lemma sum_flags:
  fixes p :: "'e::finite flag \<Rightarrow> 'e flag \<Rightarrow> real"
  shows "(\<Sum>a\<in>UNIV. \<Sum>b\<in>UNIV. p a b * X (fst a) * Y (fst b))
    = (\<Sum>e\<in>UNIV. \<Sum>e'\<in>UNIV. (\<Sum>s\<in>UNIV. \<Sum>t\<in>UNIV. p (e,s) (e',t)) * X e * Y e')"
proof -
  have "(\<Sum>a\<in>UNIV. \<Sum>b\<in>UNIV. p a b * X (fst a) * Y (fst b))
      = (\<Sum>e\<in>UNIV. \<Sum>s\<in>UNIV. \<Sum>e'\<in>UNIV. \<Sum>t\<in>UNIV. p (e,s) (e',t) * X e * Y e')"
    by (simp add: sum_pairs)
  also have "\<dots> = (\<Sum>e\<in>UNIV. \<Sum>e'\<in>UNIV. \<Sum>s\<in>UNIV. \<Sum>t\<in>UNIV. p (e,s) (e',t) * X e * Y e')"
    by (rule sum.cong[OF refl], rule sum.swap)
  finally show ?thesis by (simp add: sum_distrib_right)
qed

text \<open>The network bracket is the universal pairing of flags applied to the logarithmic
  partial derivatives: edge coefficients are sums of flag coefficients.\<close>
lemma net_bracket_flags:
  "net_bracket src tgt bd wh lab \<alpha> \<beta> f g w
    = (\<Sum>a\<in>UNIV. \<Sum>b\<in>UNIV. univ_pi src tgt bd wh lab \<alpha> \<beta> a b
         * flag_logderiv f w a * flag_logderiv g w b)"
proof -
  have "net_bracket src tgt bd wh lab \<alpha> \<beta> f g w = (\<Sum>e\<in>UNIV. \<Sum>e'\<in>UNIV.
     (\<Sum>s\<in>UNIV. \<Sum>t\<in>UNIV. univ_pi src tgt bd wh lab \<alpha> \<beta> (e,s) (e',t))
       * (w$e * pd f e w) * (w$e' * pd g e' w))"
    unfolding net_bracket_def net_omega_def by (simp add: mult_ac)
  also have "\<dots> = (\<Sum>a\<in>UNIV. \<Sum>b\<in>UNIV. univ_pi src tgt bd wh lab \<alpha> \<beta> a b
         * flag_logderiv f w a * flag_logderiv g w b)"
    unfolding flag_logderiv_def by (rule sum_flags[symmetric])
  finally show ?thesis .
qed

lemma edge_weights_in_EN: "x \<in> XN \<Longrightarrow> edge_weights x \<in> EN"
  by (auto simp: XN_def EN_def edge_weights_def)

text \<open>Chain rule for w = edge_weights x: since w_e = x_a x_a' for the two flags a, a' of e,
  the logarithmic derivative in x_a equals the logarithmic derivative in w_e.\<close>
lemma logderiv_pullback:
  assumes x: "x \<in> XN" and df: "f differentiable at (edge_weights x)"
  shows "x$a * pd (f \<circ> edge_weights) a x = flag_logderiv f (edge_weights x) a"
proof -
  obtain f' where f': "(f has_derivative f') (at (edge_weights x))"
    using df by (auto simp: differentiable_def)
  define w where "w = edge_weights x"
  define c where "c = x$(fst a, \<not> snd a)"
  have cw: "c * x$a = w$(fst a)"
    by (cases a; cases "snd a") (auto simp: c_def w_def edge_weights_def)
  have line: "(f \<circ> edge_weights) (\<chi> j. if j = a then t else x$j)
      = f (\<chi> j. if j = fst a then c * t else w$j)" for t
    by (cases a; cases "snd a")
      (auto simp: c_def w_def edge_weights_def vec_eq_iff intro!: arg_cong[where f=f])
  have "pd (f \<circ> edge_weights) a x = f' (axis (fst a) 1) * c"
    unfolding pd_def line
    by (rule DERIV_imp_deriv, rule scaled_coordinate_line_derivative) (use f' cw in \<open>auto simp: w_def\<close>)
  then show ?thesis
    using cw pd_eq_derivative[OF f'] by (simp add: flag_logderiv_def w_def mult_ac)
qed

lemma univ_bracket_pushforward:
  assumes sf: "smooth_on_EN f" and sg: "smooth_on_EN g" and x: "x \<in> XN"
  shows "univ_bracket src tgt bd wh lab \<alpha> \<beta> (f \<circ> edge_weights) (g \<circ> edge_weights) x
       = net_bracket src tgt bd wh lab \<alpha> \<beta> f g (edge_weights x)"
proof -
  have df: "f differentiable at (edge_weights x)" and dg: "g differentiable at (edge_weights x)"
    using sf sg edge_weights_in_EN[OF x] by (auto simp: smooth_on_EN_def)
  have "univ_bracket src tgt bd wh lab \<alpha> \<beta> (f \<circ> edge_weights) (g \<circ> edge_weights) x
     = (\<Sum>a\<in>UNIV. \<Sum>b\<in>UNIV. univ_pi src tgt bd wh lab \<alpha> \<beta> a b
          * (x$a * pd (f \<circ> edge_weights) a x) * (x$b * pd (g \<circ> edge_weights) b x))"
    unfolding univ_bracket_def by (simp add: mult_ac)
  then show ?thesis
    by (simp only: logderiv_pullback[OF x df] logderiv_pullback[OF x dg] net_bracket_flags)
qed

__Your objective__.
State how many lines of the entries include the string "assumes", with nothing besides the number.

__Exercise result__.
2